Priorities are defined in groups, with some groups dedicated to certain kernel functions. For real-time scheduling policies, an integer between 1 (lowest priority) and 99 (highest priority) is used.

The following table describes the priority range, which can be used while setting the scheduling policy of a process.

Expand
Table 27.2. Description of the priority range
PriorityThreadsDescription

1

Low priority kernel threads

This priority is usually reserved for the tasks that need to be just prior to SCHED_OTHER.

2 - 49

Available for use

The range used for typical application priorities.

50

Default hard-IRQ value

 

51 - 98

High priority threads

Use this range for threads that run periodically and must have quick response times.

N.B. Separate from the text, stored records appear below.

(* Let a thermodynamic Stephani universe be given and consider any thermodynamic scheme with specific entropy $s=s(w)$ ($s'\neq0$), matter density $n=(1+bw)^3/(R^3N(w))$ ($N>0$) and temperature $$\Theta=\frac{(\rho+p)R^3[N'(w)(1+bw)-3N(w)b]}{s'(w)(1+bw)^4}.$$ If the fluid acceleration $\mathbf a$ satisfies $\mathbf a=-\perp d\ln\Theta$ (equivalently $\partial_w(\alpha\Theta)=0$), then $b$ is constant, i.e. the metric is a FLRW universe. Hence a thermodynamic Stephani universe can describe a fluid with non-vanishing thermal conductivity coefficient only in the FLRW case.
   Context: Thermodynamic Stephani universe: $ds^2=-\alpha^2dt^2+\Omega^2(dx^2+dy^2+dz^2)$ with $L=R(t)/(1+b(t)w)$, $\Omega=\frac{w}{2z}L$, $\alpha=R\,\partial_R\ln L=\frac{1+(b-Rb')w}{1+bw}$, $w=2z/(1+\frac\varepsilon4 r^2)$, $r^2=x^2+y^2+z^2$, $\varepsilon\in\{0,\pm1\}$; functions of $t$ are regarded as functions of $R$ (prime $=d/dR$). Fluid velocity $u=\alpha^{-1}\partial_t$, $\rho=\frac{3}{R^2}(\dot R^2+\varepsilon-4b^2)$, $p=-\rho-\frac R3\frac{\rho'(R)}{\alpha}$. $\mathbf a=\nabla_uu$ is the acceleration, $\perp$ is the orthogonal projection onto the space orthogonal to $u$. *)

theory Defs
  imports "HOL-Analysis.Analysis"
begin

text \<open>All functions of time are regarded as
functions of the scale factor R; the prime is d/dR (for b, rho) and d/dw
(for N, s).  The function V gives (dR/dt)^2 regarded as a function of R.\<close>

definition st_w :: "real \<Rightarrow> real \<Rightarrow> real \<Rightarrow> real \<Rightarrow> real" where
  "st_w eps x y z = 2 * z / (1 + eps / 4 * (x^2 + y^2 + z^2))"

definition st_alpha :: "(real \<Rightarrow> real) \<Rightarrow> real \<Rightarrow> real \<Rightarrow> real" where
  "st_alpha b R w = (1 + (b R - R * deriv b R) * w) / (1 + b R * w)"

definition st_rho :: "real \<Rightarrow> (real \<Rightarrow> real) \<Rightarrow> (real \<Rightarrow> real) \<Rightarrow> real \<Rightarrow> real" where
  "st_rho eps V b R = 3 / R^2 * (V R + eps - 4 * (b R)^2)"

definition st_p :: "real \<Rightarrow> (real \<Rightarrow> real) \<Rightarrow> (real \<Rightarrow> real) \<Rightarrow> real \<Rightarrow> real \<Rightarrow> real" where
  "st_p eps V b R w =
     - st_rho eps V b R - R / 3 * deriv (st_rho eps V b) R / st_alpha b R w"

definition st_n :: "(real \<Rightarrow> real) \<Rightarrow> (real \<Rightarrow> real) \<Rightarrow> real \<Rightarrow> real \<Rightarrow> real" where
  "st_n b N R w = (1 + b R * w)^3 / (R^3 * N w)"

definition st_Theta :: "real \<Rightarrow> (real \<Rightarrow> real) \<Rightarrow> (real \<Rightarrow> real) \<Rightarrow> (real \<Rightarrow> real)
    \<Rightarrow> (real \<Rightarrow> real) \<Rightarrow> real \<Rightarrow> real \<Rightarrow> real" where
  "st_Theta eps V b N s R w =
     (st_rho eps V b R + st_p eps V b R w) * R^3
       * (deriv N w * (1 + b R * w) - 3 * N w * b R)
     / (deriv s w * (1 + b R * w)^4)"

end

theory Submission
  imports Defs "HOL-Computational_Algebra.Polynomial"
begin

text \<open>Since \<open>\<alpha> (\<rho> + p) = - R \<rho>'/3\<close>, the product \<open>\<alpha> \<Theta>\<close> is a factor depending on \<open>R\<close> alone,
nonzero because \<open>\<Theta> > 0\<close>, times \<open>F(b, w) / (s'(w) (1 + b w)\<^sup>4)\<close> with
\<open>F(\<beta>, w) = N'(w) (1 + \<beta> w) - 3 N(w) \<beta>\<close>. If this is independent of \<open>w\<close>, comparing two points
\<open>w\<^sub>1 \<noteq> w\<^sub>2\<close> of \<open>W\<close> with \<open>w\<^sub>1 \<noteq> 0\<close> shows that every value \<open>b(R)\<close> is a root of one fixed
polynomial in \<open>\<beta>\<close>, which is nonzero since its value at \<open>\<beta> = -1/w\<^sub>1\<close> is not.
So the continuous function \<open>b\<close> takes only finitely many values on the interval \<open>J\<close>,
hence it is constant.\<close>

definition temperature_factor :: "(real \<Rightarrow> real) \<Rightarrow> real \<Rightarrow> real \<Rightarrow> real" where
  "temperature_factor N \<beta> w = deriv N w * (1 + \<beta> * w) - 3 * N w * \<beta>"

text \<open>A junk-value case: \<open>x / 0 = 0\<close> in \<open>st_p\<close> makes \<open>\<rho> + p\<close> vanish when \<open>\<alpha> = 0\<close>.\<close>

lemma st_alpha_eq_0_imp_Theta_eq_0:
  "st_alpha b R w = 0 \<Longrightarrow> st_Theta eps V b N s R w = 0"
  by (simp add: st_Theta_def st_p_def)

lemma st_alpha_rho_plus_p:
  assumes "st_alpha b R w \<noteq> 0"
  shows "st_alpha b R w * (st_rho eps V b R + st_p eps V b R w) = - R / 3 * deriv (st_rho eps V b) R"
  using assms by (simp add: st_p_def)

lemma st_Theta_nonzero_imp_deriv_rho_nonzero:
  assumes "st_Theta eps V b N s R w \<noteq> 0"
  shows "deriv (st_rho eps V b) R \<noteq> 0"
  using assms by (auto simp: st_Theta_def st_p_def)

lemma st_alpha_Theta_eq:
  assumes "st_Theta eps V b N s R w \<noteq> 0"
  shows "st_alpha b R w * st_Theta eps V b N s R w =
    - (R^4 / 3) * deriv (st_rho eps V b) R
      * (temperature_factor N (b R) w / (deriv s w * (1 + b R * w)^4))"
proof -
  have "st_alpha b R w \<noteq> 0"
    using assms st_alpha_eq_0_imp_Theta_eq_0 by blast
  have "st_alpha b R w * st_Theta eps V b N s R w =
      - R / 3 * deriv (st_rho eps V b) R * R^3
        * temperature_factor N (b R) w / (deriv s w * (1 + b R * w)^4)"
    unfolding st_Theta_def temperature_factor_def
    by (simp only: times_divide_eq_right mult.assoc [symmetric]
        st_alpha_rho_plus_p [OF \<open>st_alpha b R w \<noteq> 0\<close>])
  then show ?thesis
    by (simp add: power_numeral_reduce)
qed

lemma finite_temperature_factor_cross_roots:
  fixes a1 a2 c1 c2 k1 k2 w1 w2 :: real
  assumes "w1 \<noteq> 0" "w1 \<noteq> w2" "c1 \<noteq> 0" "k2 \<noteq> 0"
  shows "finite {\<beta>. (a1 * (1 + \<beta> * w1) - 3 * c1 * \<beta>) * (k2 * (1 + \<beta> * w2)^4)
                  = (a2 * (1 + \<beta> * w2) - 3 * c2 * \<beta>) * (k1 * (1 + \<beta> * w1)^4)}"
proof -
  define P where "P = smult k2 ([:a1, a1 * w1 - 3 * c1:] * [:1, w2:]^4)
                    - smult k1 ([:a2, a2 * w2 - 3 * c2:] * [:1, w1:]^4)"
  have poly_P: "poly P \<beta> = (a1 * (1 + \<beta> * w1) - 3 * c1 * \<beta>) * (k2 * (1 + \<beta> * w2)^4)
                         - (a2 * (1 + \<beta> * w2) - 3 * c2 * \<beta>) * (k1 * (1 + \<beta> * w1)^4)" for \<beta>
    by (simp add: P_def algebra_simps)
  \<comment> \<open>at \<open>\<beta> = -1/w\<^sub>1\<close> the second term vanishes and the first does not\<close>
  have "poly P (-1/w1) = 3 * c1 / w1 * k2 * (1 - w2/w1)^4"
    using assms by (simp add: poly_P field_simps)
  also have "\<dots> \<noteq> 0"
    using assms by (simp add: field_simps)
  finally have "P \<noteq> 0" by auto
  then show ?thesis
    using poly_roots_finite[of P] by (simp add: poly_P)
qed

lemma open_obtain_two_points:
  fixes W :: "real set"
  assumes "open W" "W \<noteq> {}"
  obtains w1 w2 where "w1 \<in> W" "w2 \<in> W" "w1 \<noteq> 0" "w1 \<noteq> w2"
proof -
  have "infinite W"
    using assms finite_imp_not_open [of W] by auto
  obtain w1 where "w1 \<in> W - {0}"
    using infinite_imp_nonempty [OF infinite_remove [OF \<open>infinite W\<close>]] by blast
  moreover obtain w2 where "w2 \<in> W - {w1}"
    using infinite_imp_nonempty [OF infinite_remove [OF \<open>infinite W\<close>]] by blast
  ultimately show ?thesis
    using that by blast
qed

lemma st_b_cross_relation:
  assumes W: "is_interval W" "w1 \<in> W" "w2 \<in> W"
    and "R \<noteq> 0"
    and Theta_nz: "st_Theta eps V b N s R w1 \<noteq> 0" "st_Theta eps V b N s R w2 \<noteq> 0"
    and denom_nz: "deriv s w1 * (1 + b R * w1)^4 \<noteq> 0" "deriv s w2 * (1 + b R * w2)^4 \<noteq> 0"
    and accel: "\<And>w. w \<in> W \<Longrightarrow>
       ((\<lambda>w'. st_alpha b R w' * st_Theta eps V b N s R w') has_real_derivative 0) (at w)"
  shows "temperature_factor N (b R) w1 * (deriv s w2 * (1 + b R * w2)^4)
       = temperature_factor N (b R) w2 * (deriv s w1 * (1 + b R * w1)^4)"
proof -
  let ?k = "- (R^4 / 3) * deriv (st_rho eps V b) R"
  have "\<exists>c. \<forall>w\<in>W. st_alpha b R w * st_Theta eps V b N s R w = c"
    using is_interval_convex[OF W(1)] accel
    by (intro has_field_derivative_zero_constant) (auto intro: has_field_derivative_at_within)
  then have "st_alpha b R w1 * st_Theta eps V b N s R w1 = st_alpha b R w2 * st_Theta eps V b N s R w2"
    using W(2,3) by auto
  then have "?k * (temperature_factor N (b R) w1 / (deriv s w1 * (1 + b R * w1)^4))
           = ?k * (temperature_factor N (b R) w2 / (deriv s w2 * (1 + b R * w2)^4))"
    unfolding st_alpha_Theta_eq[OF Theta_nz(1)] st_alpha_Theta_eq[OF Theta_nz(2)] .
  moreover have "?k \<noteq> 0"
    using \<open>R \<noteq> 0\<close> st_Theta_nonzero_imp_deriv_rho_nonzero[OF Theta_nz(1)] by simp
  ultimately show ?thesis
    using denom_nz by (simp add: frac_eq_eq)
qed

theorem mainTheorem11:
  fixes eps :: real and b V N s :: "real \<Rightarrow> real" and J W :: "real set"
  assumes eps: "eps \<in> {-1, 0, 1}"
    and J: "open J" "is_interval J" "J \<noteq> {}" "J \<subseteq> {0<..}"
    and W: "open W" "is_interval W" "W \<noteq> {}"
    and W_range: "W \<subseteq> {st_w eps x y z | x y z. 1 + eps / 4 * (x^2 + y^2 + z^2) > 0}"
    and b_diff: "\<And>R. R \<in> J \<Longrightarrow> b differentiable (at R)"
    and V_diff: "\<And>R. R \<in> J \<Longrightarrow> V differentiable (at R)"
    and N_diff: "\<And>w. w \<in> W \<Longrightarrow> N differentiable (at w)"
    and s_diff: "\<And>w. w \<in> W \<Longrightarrow> s differentiable (at w)"
    and N_pos: "\<And>w. w \<in> W \<Longrightarrow> N w > 0"
    and s'_nz: "\<And>w. w \<in> W \<Longrightarrow> deriv s w \<noteq> 0"
    and nondeg: "\<And>R w. R \<in> J \<Longrightarrow> w \<in> W \<Longrightarrow> 1 + b R * w \<noteq> 0"
    and Theta_pos: "\<And>R w. R \<in> J \<Longrightarrow> w \<in> W \<Longrightarrow> st_Theta eps V b N s R w > 0"
    and accel: "\<And>R w. R \<in> J \<Longrightarrow> w \<in> W \<Longrightarrow>
       ((\<lambda>w'. st_alpha b R w' * st_Theta eps V b N s R w') has_real_derivative 0) (at w)"
  shows "\<exists>c. \<forall>R\<in>J. b R = c"
proof -
  obtain w1 w2 where w12: "w1 \<in> W" "w2 \<in> W" "w1 \<noteq> 0" "w1 \<noteq> w2"
    using open_obtain_two_points W(1,3) by blast
  have "b ` J \<subseteq> {\<beta>. temperature_factor N \<beta> w1 * (deriv s w2 * (1 + \<beta> * w2)^4)
                        = temperature_factor N \<beta> w2 * (deriv s w1 * (1 + \<beta> * w1)^4)}"
  proof clarsimp
    fix R assume R: "R \<in> J"
    then have "R \<noteq> 0"
      using J(4) by auto
    then show "temperature_factor N (b R) w1 * (deriv s w2 * (1 + b R * w2)^4)
             = temperature_factor N (b R) w2 * (deriv s w1 * (1 + b R * w1)^4)"
      using W(2) w12 Theta_pos[OF R] s'_nz nondeg[OF R] accel[OF R]
      by (intro st_b_cross_relation [where b = b and eps = eps and V = V]) force+
  qed
  moreover have "finite \<dots>"
    unfolding temperature_factor_def
    using w12 N_pos[OF w12(1)] s'_nz[OF w12(2)] by (intro finite_temperature_factor_cross_roots) auto
  ultimately have "finite (b ` J)"
    by (rule finite_subset)
  moreover have "continuous_on J b"
    using b_diff by (meson continuous_at_imp_continuous_on differentiable_imp_continuous_within)
  ultimately show ?thesis
    using continuous_finite_range_constant is_interval_connected[OF J(2)]
    unfolding constant_on_def by blast
qed

end
(* Let $\mathcal K$ be a topological Kuranishi atlas on $X$. Then the maps $|\mathrm{pr}_{\mathcal K}|:|\mathbf E_{\mathcal K}|\to|\mathcal K|$ and $|0_{\mathcal K}|,|\mathfrak s_{\mathcal K}|:|\mathcal K|\to|\mathbf E_{\mathcal K}|$ (induced by $\mathrm{pr}_I$, $0_I$, $\mathfrak s_I$) are well defined and continuous, and satisfy $|\mathrm{pr}_{\mathcal K}|\circ|\mathfrak s_{\mathcal K}|=|\mathrm{pr}_{\mathcal K}|\circ|0_{\mathcal K}|=\mathrm{id}_{|\mathcal K|}$. The set $Z:=\{p\in|\mathcal K|:|\mathfrak s_{\mathcal K}|(p)=|0_{\mathcal K}|(p)\}$ equals $\pi_{\mathcal K}\big(\bigsqcup_{I\in\mathcal I_{\mathcal K}}\{I\}\times\mathfrak s_I^{-1}(0_I)\big)$, and the quotient topology on $Z$ (obtained from $\bigsqcup_I\{I\}\times\mathfrak s_I^{-1}(0_I)$ with the relative topology, modulo the equivalence relation generated by the relations $(I,x)\sim(J,\phi_{IJ}(x))$ with $x\in U_{IJ}\cap\mathfrak s_I^{-1}(0_I)$) coincides with the subspace topology from $|\mathcal K|$. Moreover the map $\iota_{\mathcal K}:X\to|\mathcal K|$, $p\mapsto\pi_{\mathcal K}(I,\psi_I^{-1}(p))$, is independent of the choice of $I\in\mathcal I_{\mathcal K}$ with $p\in F_I$, and is a homeomorphism from $X$ onto $Z$ (with the subspace topology).
   Context: Notation: for subsets $V'\subset V$ of a topological space, $V'\sqsubset V$ means the closure of $V'$ in $V$ is compact. $X$ is a compact metrizable space. Charts: a topological Kuranishi chart for $X$ with open footprint $F\subset X$ is a tuple $\mathbf K=(U,\mathbb E,\mathfrak s,\psi)$ where $U$ is a separable, locally compact, metrizable space; $\mathbb E$ is a separable, locally compact, metrizable space with continuous maps $\mathrm{pr}:\mathbb E\to U$ and $0:U\to\mathbb E$ with $\mathrm{pr}\circ0=\mathrm{id}_U$; $\mathfrak s:U\to\mathbb E$ is continuous with $\mathrm{pr}\circ\mathfrak s=\mathrm{id}_U$; and $\psi$ is a homeomorphism from $\mathfrak s^{-1}(0):=\{x\in U:\mathfrak s(x)=0(x)\}$ onto $F$. Coordinate changes: for charts $\mathbf K_I,\mathbf K_J$ (components indexed by $I,J$) with $F_I\cap F_J\neq\emptyset$, a coordinate change $\widehat\Phi_{IJ}:\mathbf K_I\to\mathbf K_J$ consists of an open set $U_{IJ}\subset U_I$ with $U_{IJ}\cap\mathfrak s_I^{-1}(0_I)=\psi_I^{-1}(F_I\cap F_J)$ and a topological embedding $\widehat\Phi_{IJ}:\mathrm{pr}_I^{-1}(U_{IJ})\to\mathbb E_J$ such that there is a topological embedding $\phi_{IJ}:U_{IJ}\to U_J$ with $\mathrm{pr}_J\circ\widehat\Phi_{IJ}=\phi_{IJ}\circ\mathrm{pr}_I$, $0_J\circ\phi_{IJ}=\widehat\Phi_{IJ}\circ0_I$ and $\mathfrak s_J\circ\phi_{IJ}=\widehat\Phi_{IJ}\circ\mathfrak s_I$ on $U_{IJ}$, and $\phi_{IJ}=\psi_J^{-1}\circ\psi_I$ on $U_{IJ}\cap\mathfrak s_I^{-1}(0_I)$. Atlases: a covering family of basic charts is a finite family $(\mathbf K_i)_{i=1,\dots,N}$ of charts whose footprints cover $X$; $\mathcal I_{\mathcal K}$ is the set of nonempty $I\subset\{1,\dots,N\}$ with $F_I:=\bigcap_{i\in I}F_i\neq\emptyset$. Transition data consist of a chart $\mathbf K_J$ with footprint $F_J$ for each $J\in\mathcal I_{\mathcal K}$ with $|J|\ge2$ (and $\mathbf K_{\{i\}}:=\mathbf K_i$), and a coordinate change $\widehat\Phi_{IJ}:\mathbf K_I\to\mathbf K_J$ for all $I\subsetneq J$ in $\mathcal I_{\mathcal K}$. We set $U_{II}:=U_I$, $\phi_{II}:=\mathrm{id}_{U_I}$. For $I\subsetneq J\subsetneq K$ let $U_{IJK}:=U_{IJ}\cap\phi_{IJ}^{-1}(U_{JK})$. The triple satisfies the weak cocycle condition if $\widehat\Phi_{JK}\circ\widehat\Phi_{IJ}=\widehat\Phi_{IK}$ on $\mathrm{pr}_I^{-1}(U_{IJK}\cap U_{IK})$; the cocycle condition if in addition $U_{IJK}\subset U_{IK}$; the strong cocycle condition if in addition $U_{IJK}=U_{IK}$. A weak topological Kuranishi atlas $\mathcal K$ is a covering family with transition data satisfying the weak cocycle condition for all such triples; a topological Kuranishi atlas is one satisfying the cocycle condition for all triples. Virtual neighbourhood: for a topological Kuranishi atlas, $|\mathcal K|$ is the quotient of $\bigsqcup_{I\in\mathcal I_{\mathcal K}}U_I=\{(I,x):x\in U_I\}$ by the equivalence relation generated by $(I,x)\sim(J,\phi_{IJ}(x))$ for $I\subset J$, $x\in U_{IJ}$, with the quotient topology and projection $\pi_{\mathcal K}$; similarly $|\mathbf E_{\mathcal K}|$ is the quotient of $\bigsqcup_I\mathbb E_I$ by the relation generated by $(I,e)\sim(J,\widehat\Phi_{IJ}(e))$ for $e\in\mathrm{pr}_I^{-1}(U_{IJ})$, with projection $\pi_{\mathbf E_{\mathcal K}}$. *)

theory Defs
  imports "HOL-Analysis.Analysis"
begin
lemma strong_duality_at_minimizer:
  fixes \<phi> :: "'a \<Rightarrow> 'h::real_inner"
  assumes "mono l" and conv: "convex_on UNIV l" and m: "m > 0" and lam: "lam > 0"
    and split: "{1..m} = Mp \<union> Mn" "Mp \<inter> Mn = {}"
    and yp: "\<And>i. i \<in> Mp \<Longrightarrow> y i = 1" and yn: "\<And>i. i \<in> Mn \<Longrightarrow> y i = -1"
    and fs: "norm fs \<le> lam"
    and opt: "\<And>f b \<rho>. norm f \<le> lam \<Longrightarrow> primal_obj l m \<phi> x y fs bs \<rho>s \<le> primal_obj l m \<phi> x y f b \<rho>"
  shows "(INF t \<in> {cp + cn + lam * norm (fp - fn) | cp cn fp fn.
      fp \<in> uset l m \<phi> x Mp cp \<and> fn \<in> uset l m \<phi> x Mn cn}. ereal t)
    = ereal (- primal_obj l m \<phi> x y fs bs \<rho>s)"
proof -
  let ?D = "{cp + cn + lam * norm (fp - fn) | cp cn fp fn.
    fp \<in> uset l m \<phi> x Mp cp \<and> fn \<in> uset l m \<phi> x Mn cn}"
  obtain g where g: "\<And>i. i \<in> {1..m} \<Longrightarrow> g i \<in> subdiff l (\<rho>s - y i * (fs \<bullet> \<phi> (x i) + bs))"
    "(\<Sum>i=1..m. g i) = 2 * real m" "(\<Sum>i=1..m. g i * y i) = 0"
    "fs \<bullet> (\<Sum>i=1..m. (g i * y i) *\<^sub>R \<phi> (x i)) = lam * norm (\<Sum>i=1..m. (g i * y i) *\<^sub>R \<phi> (x i))"
    using primal_minimizer_kkt[OF conv m lam fs opt] by blast
  obtain cp cn fp fn where "fp \<in> uset l m \<phi> x Mp cp" "fn \<in> uset l m \<phi> x Mn cn"
    and attained: "cp + cn + lam * norm (fp - fn) = - primal_obj l m \<phi> x y fs bs \<rho>s"
    using dual_value_attained[where \<phi> = \<phi> and x = x and f = fs and b = bs and \<rho> = \<rho>s,
        OF assms(1) m split yp yn g] by blast
  then have "- primal_obj l m \<phi> x y fs bs \<rho>s \<in> ?D" unfolding attained[symmetric] by blast
  moreover have "- primal_obj l m \<phi> x y fs bs \<rho>s \<le> t" if "t \<in> ?D" for t
    using that weak_duality[where y = y and l = l and \<phi> = \<phi> and x = x and b = bs and \<rho> = \<rho>s,
        OF m split yp yn fs] by blast
  ultimately show ?thesis by (intro antisym INF_lower INF_greatest) auto
qed

theorem lemma1:
  fixes X :: "'a::metric_space set"
    and k :: "'a \<Rightarrow> 'a \<Rightarrow> real"
    and \<phi> :: "'a \<Rightarrow> 'h::{real_inner,complete_space}"
    and K :: real
    and l :: "real \<Rightarrow> real"
    and m1 :: nat and x :: "nat \<Rightarrow> 'a" and y :: "nat \<Rightarrow> real"
    and lam :: real
  defines "Mp \<equiv> {i\<in>{1..m1}. y i = 1}"
    and "Mn \<equiv> {i\<in>{1..m1}. y i = -1}"
  assumes "compact X"
    and "continuous_on (X \<times> X) (\<lambda>(u, v). k u v)"
    and "is_rkhs_feature X k \<phi>"
    and "universal_kernel X \<phi>"
    and "\<forall>u\<in>X. sqrt (k u u) \<le> K"
    and "mono l" and "convex_on UNIV l" and "\<forall>z. l z \<ge> 0"
    and "\<forall>M>0. \<exists>z0. \<forall>z\<ge>z0. \<forall>g\<in>subdiff l z. g \<ge> M"
    and "\<forall>i\<in>{1..m1}. x i \<in> X \<and> (y i = 1 \<or> y i = -1)"
    and "Mp \<noteq> {}" and "Mn \<noteq> {}"
    and "lam > 0"
  shows "\<exists>f b \<rho>. (norm f)\<^sup>2 \<le> lam\<^sup>2 \<and>
           (\<forall>f' b' \<rho>'. (norm f')\<^sup>2 \<le> lam\<^sup>2 \<longrightarrow>
               primal_obj l m1 \<phi> x y f b \<rho> \<le> primal_obj l m1 \<phi> x y f' b' \<rho>') \<and>
           ereal (primal_obj l m1 \<phi> x y f b \<rho>) =
             - (INF t \<in> {cp + cn + lam * norm (fp - fn) | cp cn fp fn.
                    fp \<in> uset l m1 \<phi> x Mp cp \<and> fn \<in> uset l m1 \<phi> x Mn cn}. ereal t)"
proof -
  note mono = assms(8) and conv = assms(9) and lam = assms(15)
  have nonneg: "\<And>z. l z \<ge> 0" using assms(10) by blast
  obtain ip jn where ip: "ip \<in> {1..m1}" "y ip = 1" and jn: "jn \<in> {1..m1}" "y jn = -1"
    using assms(13,14) by (auto simp: Mp_def Mn_def)
  then have m: "m1 > 0" by auto
  have "\<exists>z0. \<forall>u. M * (u - z0) \<le> l u" if "M > 0" for M
    using linear_minorant_if_subdiff_unbounded[OF conv nonneg assms(11) that] by metis
  then obtain fs bs \<rho>s where fs: "norm fs \<le> lam"
    and opt: "\<And>f b \<rho>. norm f \<le> lam \<Longrightarrow> primal_obj l m1 \<phi> x y fs bs \<rho>s \<le> primal_obj l m1 \<phi> x y f b \<rho>"
    using primal_minimizer_exists[OF conv nonneg _ ip jn less_imp_le[OF lam]] by blast
  have split: "{1..m1} = Mp \<union> Mn" "Mp \<inter> Mn = {}" using assms(12) by (auto simp: Mp_def Mn_def)
  have yp: "\<And>i. i \<in> Mp \<Longrightarrow> y i = 1" and yn: "\<And>i. i \<in> Mn \<Longrightarrow> y i = -1"
    by (auto simp: Mp_def Mn_def)
  have "(norm f)\<^sup>2 \<le> lam\<^sup>2 \<longleftrightarrow> norm f \<le> lam" for f :: 'h
    using lam by (auto intro: power_mono power2_le_imp_le)
  then show ?thesis
    using strong_duality_at_minimizer[OF mono conv m lam split yp yn fs opt] fs opt
    by (intro exI[of _ fs] exI[of _ bs] exI[of _ \<rho>s]) auto
qed

end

Do not use this range for CPU-bound threads as you will starve interrupts.

99

Watchdogs and migration

System threads that must run at the highest priority.

27.9. TuneD cpu-partitioning profile

For tuning Red Hat Enterprise Linux for latency-sensitive workloads, use the cpu-partitioning TuneD profile. In RHEL 9 and later, you can perform low-latency tuning more efficiently by using the cpu-partitioning TuneD profile.

This profile is easily customizable according to the requirements for individual low-latency applications. The following figure is an example to demonstrate how to use the cpu-partitioning profile. This example uses the CPU and node layout.

cpu-partitioning

Configure the cpu-partitioning profile in the /etc/tuned/cpu-partitioning-variables.conf file by using the following configuration options:

Isolated CPUs with load balancing

In the cpu-partitioning figure, the blocks numbered from 4 to 23, are the default isolated CPUs. The kernel scheduler’s process load balancing is enabled on these CPUs. It is designed for low-latency processes with multiple threads that need the kernel scheduler load balancing. Configure the cpu-partitioning profile in the /etc/tuned/cpu-partitioning-variables.conf file by using the isolated_cores=cpu-list option. This option lists CPUs to isolate that will use the kernel scheduler load balancing.

The list of isolated CPUs is comma-separated or specify a range using a dash, such as 3-5. This option is mandatory. Any CPU missing from this list is automatically considered a housekeeping CPU.

Isolated CPUs without load balancing

In the cpu-partitioning figure, CPUs 2 and 3 are isolated and exclude kernel scheduler load balancing.

You can configure the cpu-partitioning profile in the /etc/tuned/cpu-partitioning-variables.conf file by using the no_balance_cores=cpu-list option, which lists CPUs to isolate that will not use the kernel scheduler load balancing.

Specifying the no_balance_cores option is optional, however any CPUs in this list must be a subset of the CPUs listed in the isolated_cores list. Application threads using these CPUs need to be pinned individually to each CPU.

Housekeeping CPUs
Any CPU not isolated in the cpu-partitioning-variables.conf file is automatically considered a housekeeping CPU. On the housekeeping CPUs, all services, daemons, user processes, movable kernel threads, interrupt handlers, and kernel timers are permitted to run.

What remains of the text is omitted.